At the undergraduate level, students can take a first step into experiential marketing as brand ambassadors. Marketing agency Wasserman Next Gen offers a brand ambassador program that recruits college students to represent brands like Adidas, Amazon Prime Student and HBO as campus brand managers, while gaining marketing experience, building their resume and earning a stipend or university course credits. Participating students spend about five to 15 hours a week over six to 10 weeks per semester developing social media marketing content, hosting events and activities, and engaging with fellow students to generate buzz for the brand they represent.

And once they’re ready for off-campus learning, Gant suggests students line up an internship with a brand or an agency to gain real-world business experience, but he has some advice for companies bringing young professionals in.

“When you look at the marketing mix circle, you’ll see events and experiential marketing along with personal selling, advertising, all that is in the mix now,” Gant says. “Companies could create more internships, that’s for sure, especially directly in the event marketing area. They’ll often have interns doing something else outside of event marketing and keep adding on other marketing projects. Well, you can’t do that. This is a discipline now that needs to be given attention, so if you bring someone in, let them work in event marketing if that’s what you’re using as part of your mix. It definitely is a competitive strategy that offers a competitive advantage.”
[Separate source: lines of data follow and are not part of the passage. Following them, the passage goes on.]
definition wspace :: "(real \<Rightarrow> (nat \<Rightarrow> nat) \<Rightarrow> real) \<Rightarrow> nat
                      \<Rightarrow> ((nat \<Rightarrow> nat) \<Rightarrow> complex) set" where
  "wspace W n = {c \<in> formal_series n.
      \<forall>\<rho>>0. (\<lambda>k. norm (c k) * W \<rho> k) summable_on multi_idx n}"

definition wtopology :: "(real \<Rightarrow> (nat \<Rightarrow> nat) \<Rightarrow> real) \<Rightarrow> nat
                         \<Rightarrow> ((nat \<Rightarrow> nat) \<Rightarrow> complex) topology" where
  "wtopology W n = topology_generated_by
     {{c \<in> wspace W n. wnorm W n \<rho> (c - c0) < \<epsilon>} | c0 \<rho> \<epsilon>.
        c0 \<in> wspace W n \<and> \<rho> > 0 \<and> \<epsilon> > 0}"

definition OqD :: "complex \<Rightarrow> nat \<Rightarrow> ((nat \<Rightarrow> nat) \<Rightarrow> complex) set" where
  "OqD q n = wspace (weightD q n) n"

definition OqB :: "complex \<Rightarrow> nat \<Rightarrow> ((nat \<Rightarrow> nat) \<Rightarrow> complex) set" where
  "OqB q n = wspace (weightB q n) n"

definition topD :: "complex \<Rightarrow> nat \<Rightarrow> ((nat \<Rightarrow> nat) \<Rightarrow> complex) topology" where
  "topD q n = wtopology (weightD q n) n"

definition topB :: "complex \<Rightarrow> nat \<Rightarrow> ((nat \<Rightarrow> nat) \<Rightarrow> complex) topology" where
  "topB q n = wtopology (weightB q n) n"

end

theory Submission
  imports Defs
begin

text \<open>Write s for the one of |q|^2, |q|^-2 that is at most 1. Rescaling the q-factorials
  from base |q|^2 to base |q|^-2 produces exactly the factor u_q squared, so in both cases the
  ball weight is the polydisc weight times the square root of [k]_s!/[|k|]_s!. By the q-Pascal
  recursion this ratio lies between 2^(-n|k|) and 1, hence each ball norm is bounded by the
  polydisc norm of the same radius, and each polydisc norm of radius rho by the ball norm of
  radius 2^n rho. Mutually dominating families of weighted l1-norms define the same space and
  the same locally convex topology.\<close>

definition weights_dominated ::
    "(real \<Rightarrow> (nat \<Rightarrow> nat) \<Rightarrow> real) \<Rightarrow> (real \<Rightarrow> (nat \<Rightarrow> nat) \<Rightarrow> real) \<Rightarrow> bool" where
  "weights_dominated W1 W2 \<longleftrightarrow> (\<forall>\<rho>>0. \<exists>\<rho>'>0. \<forall>k. W1 \<rho> k \<le> W2 \<rho>' k)"

definition wballs :: "(real \<Rightarrow> (nat \<Rightarrow> nat) \<Rightarrow> real) \<Rightarrow> nat
                      \<Rightarrow> ((nat \<Rightarrow> nat) \<Rightarrow> complex) set set" where
  "wballs W n = {{c \<in> wspace W n. wnorm W n \<rho> (c - c0) < \<epsilon>} | c0 \<rho> \<epsilon>.
      c0 \<in> wspace W n \<and> \<rho> > 0 \<and> \<epsilon> > 0}"

lemma wtopology_eq_wballs: "wtopology W n = topology_generated_by (wballs W n)"
  by (simp add: wtopology_def wballs_def)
When developing UCF’s Themed Experience program, Weishar says he sat down with its advisory council made up of directors and executives from around the industry and discussed the skills and experiences they gained by learning on the job. They pooled together their post-graduate learnings and drafted the skills necessary for success.

“That is what we want to teach. We don’t teach how to be a ceo, but we’re going to teach a lot of those skill sets that people learn by just trial and error. When students graduate with a degree in themed experience—and I’ve heard this time and time again from my grads—they feel incredibly prepared to do the work that they’re doing. And on the other side, the people who are hiring them are taking much less of a gamble on that employee,” Weishar says. “We’re getting students whose goal it is to be here and build a career doing exactly what we teach.”